lemma norm_poly_of_int_odd_power_root:
  fixes \<zeta> :: complex and P :: "int poly"
  assumes \<zeta>: "\<zeta> ^ 2^r = -1" and "odd b"
    and "norm (poly (map_poly of_int P) \<zeta>) ^ 2 = of_int A"
  shows "norm (poly (map_poly of_int P) (\<zeta> ^ b)) ^ 2 = of_int A"
proof -
  define M :: nat where "M = 2 ^ Suc r"
  \<comment> \<open>On \<open>M\<close>-th roots of unity \<open>cnj z = z ^ (M - 1)\<close>, so \<open>R\<close> evaluates to \<open>|P z|\<^sup>2 - A\<close> there.\<close>
  define R where "R = P * pcompose P (monom 1 (M - 1)) - [:A:]"
  have R_eval: "poly (map_poly of_int R) z = complex_of_real (norm (poly (map_poly of_int P) z) ^ 2) - of_int A"
    if "z ^ M = 1" for z
  proof -
    have "cnj z = z ^ (M - 1)"
      using that by (intro cnj_root_of_unity) (simp add: M_def)
    moreover have "map_poly cnj (map_poly of_int P) = map_poly of_int P"
      by (simp add: map_poly_map_poly o_def)
    ultimately have "cnj (poly (map_poly of_int P) z) = poly (map_poly of_int P) (z ^ (M - 1))"
      by (simp add: poly_cnj)
    then show ?thesis
      using complex_norm_square[of "poly (map_poly of_int P) z"]
      by (simp add: R_def poly_pcompose map_poly_monom poly_monom)
  qed
  have "(\<zeta> ^ b) ^ 2^r = (\<zeta> ^ 2^r) ^ b"
    by (simp only: power_mult[symmetric] mult.commute)
  then have \<zeta>b: "(\<zeta> ^ b) ^ 2^r = -1"
    using \<zeta> \<open>odd b\<close> by simp
  have unit: "z ^ M = 1" if "z ^ 2^r = -1" for z :: complex
  proof -
    have "z ^ M = (z ^ 2^r) ^ 2" by (simp add: M_def power_mult[symmetric] mult.commute)
    then show ?thesis using that by simp
  qed
  have "poly (map_poly of_int R) \<zeta> = 0"
    using R_eval[OF unit[OF \<zeta>]] assms(3) by simp
  then have "poly (map_poly of_int R) (\<zeta> ^ b) = 0"
    using poly_of_int_roots_of_minus_one[OF \<zeta> \<zeta>b] by blast
  then have "complex_of_real (norm (poly (map_poly of_int P) (\<zeta> ^ b)) ^ 2) = of_real (of_int A)"
    using R_eval[OF unit[OF \<zeta>b]] by simp
  then show ?thesis
    using of_real_eq_iff by blast
qed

----------------

DESCRIPTION OF THE TASK: From the data above, show each line that contains "then".

ANSWER TO THE PROBLEM:
    then show ?thesis
  then have \<zeta>b: "(\<zeta> ^ b) ^ 2^r = -1"
    then show ?thesis using that by simp
  then have "poly (map_poly of_int R) (\<zeta> ^ b) = 0"
  then have "complex_of_real (norm (poly (map_poly of_int P) (\<zeta> ^ b)) ^ 2) = of_real (of_int A)"
  then show ?thesis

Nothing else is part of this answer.